Из аэропорта Федор сразу поехал домой, привел себя в порядок и сделал несколько звонков. Оказалось, он вернулся абсолютно вовремя, к самому открытию выставки. Надо было поспешить с пояснительными текстами. Сел за компьютер, внес в свои заметки правки, которые возникли после поездки в Италию, сверстал так, чтобы информация смотрелась хорошо и привлекала внимание, – ведь без нее мало кто что поймет в картине! Распечатал текст – и, забрав в гараже машину, поехал в Дом культуры, где его ждала одна из устроительниц выставки.

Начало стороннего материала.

(* Let $v_n\rightharpoonup0$ weakly in $W^{1,2}(\Omega;\mathbb{R}^m)$ and let $\alpha_n>0$ with $\alpha_nv_n$ bounded in $W^{1,\infty}$. Let $(\tilde\pi,\tilde\mu_x,\tilde\lambda_x)$ be representation measures for $(\alpha_n,v_n)$ along a subsequence (not relabeled), and let $R=\sup_n\|\alpha_n\nabla v_n\|_\infty$. Let $x_0\in\Omega\cup\overline{\partial\Omega_1}$ and $r>0$, and let $\theta^r_k\in C^\infty_c(B(x_0,r))$ be uniformly bounded with $\theta^r_k\to\chi_{B_\Omega(x_0,r)}$ pointwise on $\overline\Omega$. Then $$\lim_{k\to\infty}\lim_{n\to\infty}\int_{B_\Omega(x_0,r)}\mathcal F\big(x_0,\alpha_n,\theta^r_k(x)\nabla v_n(x)\big)\,dx=\int_{B_\Omega(x_0,r)}\tilde{\mathcal I}(x_0,x)\,d\tilde\pi(x),$$ where $$\tilde{\mathcal I}(x_0,x)=\int_{\overline{\mathcal B(0,R)}}U(x_0,F)\,d\tilde\mu_x(F)+\tfrac12\int_{\mathcal S}(\mathsf L(x_0)F,F)\,d\tilde\lambda_x(F).$$
   Context: $\Omega\subset\mathbb{R}^d$ is a bounded domain with $C^1$ boundary, and $\partial\Omega_1\subset\partial\Omega$ is relatively open. $B_\Omega(x_0,r)=B(x_0,r)\cap\overline\Omega$. $(A,B)=\mathrm{tr}(AB^T)$ and $|\cdot|$ is the Frobenius norm. $U$ is continuous on $\overline\Omega\times\mathbb{R}^{m\times d}$ with $U(x,0)=0$, and $\mathsf L$ is a continuous fourth-order tensor field on $\overline\Omega$. Notation: - $\mathcal F(x,\alpha,G)=U(x,\alpha G)|G|^2+\tfrac12(\mathsf L(x)G,G)$; - $\mathcal I(x,\mu,\lambda)=\int U(x,F)\,d\mu(F)+\tfrac12\int_{\mathcal S}(\mathsf L(x)F,F)\,d\lambda(F)$, with $\mathcal S$ the unit sphere of $\mathbb{R}^{m\times d}$. Representation measures: $\tilde\pi$ is a nonnegative Radon measure on $\overline\Omega$, $\tilde\mu_x$ is a probability measure on $\overline{\mathcal B(0,R)}$ and $\tilde\lambda_x$ is a probability measure on $\mathcal S$, such that along the subsequence $\mathcal F(x,\alpha_n,\nabla v_n)\,dx\overset{*}{\rightharpoonup}\mathcal I(x,\tilde\mu_x,\tilde\lambda_x)\,d\tilde\pi$ as measures on $\overline\Omega$, for every continuous $U$ vanishing at $G=0$ and every continuous $\mathsf L$. *)

theory Defs
  imports "HOL-Analysis.Analysis" "HOL-Probability.Probability"
begin

text \<open>Points of R^d are of type real^'d, matrices of R^(m x d) are of type real^'d^'m
  (row i is the gradient of the i-th component).  On this type norm is the Frobenius
  norm and inner is the Frobenius inner product (A,B) = tr(A B^T).\<close>

definition C1_fun :: "('a::euclidean_space \<Rightarrow> real) \<Rightarrow> bool" where
  "C1_fun g \<longleftrightarrow> (\<exists>D. (\<forall>x. (g has_derivative blinfun_apply (D x)) (at x)) \<and> continuous_on UNIV D)"

text \<open>Locally near every boundary point, after a rotation (direction e), the domain is the
  region above the graph of a C^1 function on the hyperplane orthogonal to e.\<close>
definition C1_boundary :: "'a::euclidean_space set \<Rightarrow> bool" where
  "C1_boundary \<Omega> \<longleftrightarrow> (\<forall>p\<in>frontier \<Omega>. \<exists>r>0. \<exists>e g. norm e = 1 \<and> C1_fun g \<and>
      \<Omega> \<inter> ball p r = {x\<in>ball p r. x \<bullet> e > g (x - (x \<bullet> e) *\<^sub>R e)})"

fun pdiff :: "'d list \<Rightarrow> (real^'d \<Rightarrow> real) \<Rightarrow> real^'d \<Rightarrow> real" where
  "pdiff [] f = f"
| "pdiff (j # js) f = pdiff js (\<lambda>x. frechet_derivative f (at x) (axis j 1))"

definition smooth :: "(real^'d \<Rightarrow> real) \<Rightarrow> bool" where
  "smooth f \<longleftrightarrow> (\<forall>js x. pdiff js f differentiable (at x))"

definition tsupport :: "('a::topological_space \<Rightarrow> real) \<Rightarrow> 'a set" where
  "tsupport f = closure {x. f x \<noteq> 0}"

definition Cc_inf :: "(real^'d) set \<Rightarrow> (real^'d \<Rightarrow> real) set" where
  "Cc_inf A = {f. smooth f \<and> compact (tsupport f) \<and> tsupport f \<subseteq> A}"

definition L2 :: "(real^'d) set \<Rightarrow> (real^'d \<Rightarrow> 'b::euclidean_space) \<Rightarrow> bool" where
  "L2 \<Omega> f \<longleftrightarrow> f \<in> borel_measurable (lebesgue_on \<Omega>) \<and>
      set_integrable lebesgue \<Omega> (\<lambda>x. (norm (f x))\<^sup>2)"

text \<open>Dv is the weak gradient of v on \<Omega>: (Dv x) $ i $ j = d_j v_i (x).\<close>
definition weak_gradient :: "(real^'d) set \<Rightarrow> (real^'d \<Rightarrow> real^'m) \<Rightarrow> (real^'d \<Rightarrow> real^'d^'m) \<Rightarrow> bool" where
  "weak_gradient \<Omega> v Dv \<longleftrightarrow>
     (\<forall>\<phi>\<in>Cc_inf \<Omega>. \<forall>i j.
        set_integrable lebesgue \<Omega> (\<lambda>x. v x $ i * frechet_derivative \<phi> (at x) (axis j 1)) \<and>
        set_integrable lebesgue \<Omega> (\<lambda>x. Dv x $ i $ j * \<phi> x) \<and>
        (LINT x:\<Omega>|lebesgue. v x $ i * frechet_derivative \<phi> (at x) (axis j 1))
          = - (LINT x:\<Omega>|lebesgue. Dv x $ i $ j * \<phi> x))"

definition W12 :: "(real^'d) set \<Rightarrow> (real^'d \<Rightarrow> real^'m) \<Rightarrow> (real^'d \<Rightarrow> real^'d^'m) \<Rightarrow> bool" where
  "W12 \<Omega> v Dv \<longleftrightarrow> L2 \<Omega> v \<and> L2 \<Omega> Dv \<and> weak_gradient \<Omega> v Dv"

text \<open>Weak convergence to 0 in the Hilbert space W^{1,2}(\<Omega>;R^m) (by the Riesz
  representation, testing against the W^{1,2} inner product of all elements).\<close>
definition W12_weak_to_zero :: "(real^'d) set \<Rightarrow> (nat \<Rightarrow> real^'d \<Rightarrow> real^'m) \<Rightarrow> (nat \<Rightarrow> real^'d \<Rightarrow> real^'d^'m) \<Rightarrow> bool" where
  "W12_weak_to_zero \<Omega> v Dv \<longleftrightarrow> (\<forall>n. W12 \<Omega> (v n) (Dv n)) \<and>
     (\<forall>w Dw. W12 \<Omega> w Dw \<longrightarrow>
        (\<lambda>n. (LINT x:\<Omega>|lebesgue. v n x \<bullet> w x + Dv n x \<bullet> Dw x)) \<longlonglongrightarrow> 0)"

definition Fdens :: "(real^'d \<Rightarrow> real^'d^'m \<Rightarrow> real) \<Rightarrow> (real^'d \<Rightarrow> ((real^'d^'m) \<Rightarrow>\<^sub>L (real^'d^'m)))
     \<Rightarrow> real^'d \<Rightarrow> real \<Rightarrow> real^'d^'m \<Rightarrow> real" where
  "Fdens U L x \<alpha> G = U x (\<alpha> *\<^sub>R G) * (norm G)\<^sup>2 + 1/2 * (L x G \<bullet> G)"

definition Iint :: "(real^'d \<Rightarrow> real^'d^'m \<Rightarrow> real) \<Rightarrow> (real^'d \<Rightarrow> ((real^'d^'m) \<Rightarrow>\<^sub>L (real^'d^'m)))
     \<Rightarrow> real^'d \<Rightarrow> (real^'d^'m) measure \<Rightarrow> (real^'d^'m) measure \<Rightarrow> real" where
  "Iint U L x \<mu> \<nu> = (\<integral>F. U x F \<partial>\<mu>) + 1/2 * (LINT F:sphere 0 1|\<nu>. L x F \<bullet> F)"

Картина была уже на месте. Ее хорошо повесили, хорошо подсветили, и хоть Федор знал, чудилось, каждый мазок, каждый штришок на ней, издалека мог отличить практически неотличимые следы работы реставраторов от оригинала, он все равно вдруг совершенно по-дурацки разволновался и ушел как мог быстро, едва лишь глянув в темные и в то же время такие светлые глаза Серджио. И, как всегда, подумал, что на картине, наверное, запечатлен не только Серджио, но и Антонелла. Судя по страничкам из дневника, это, скорее всего, глаза Антонеллы. Потому что Серджио погиб не один – Антонелла тоже, можно сказать, умерла. Своей смертью он убил и ее, душу ее убил. То, что Антонелла прожила потом еще много лет, родила сына Серджио и других детей, ровно ничего не значило, Федор это знал доподлинно: их все равно что похоронили в одной могиле, этих несчастных, счастливых, обезумевших влюбленных. И убийцы вместе зарывали яму, засыпали землей открытые, неподвижные, такие похожие глаза Серджио и Антонеллы…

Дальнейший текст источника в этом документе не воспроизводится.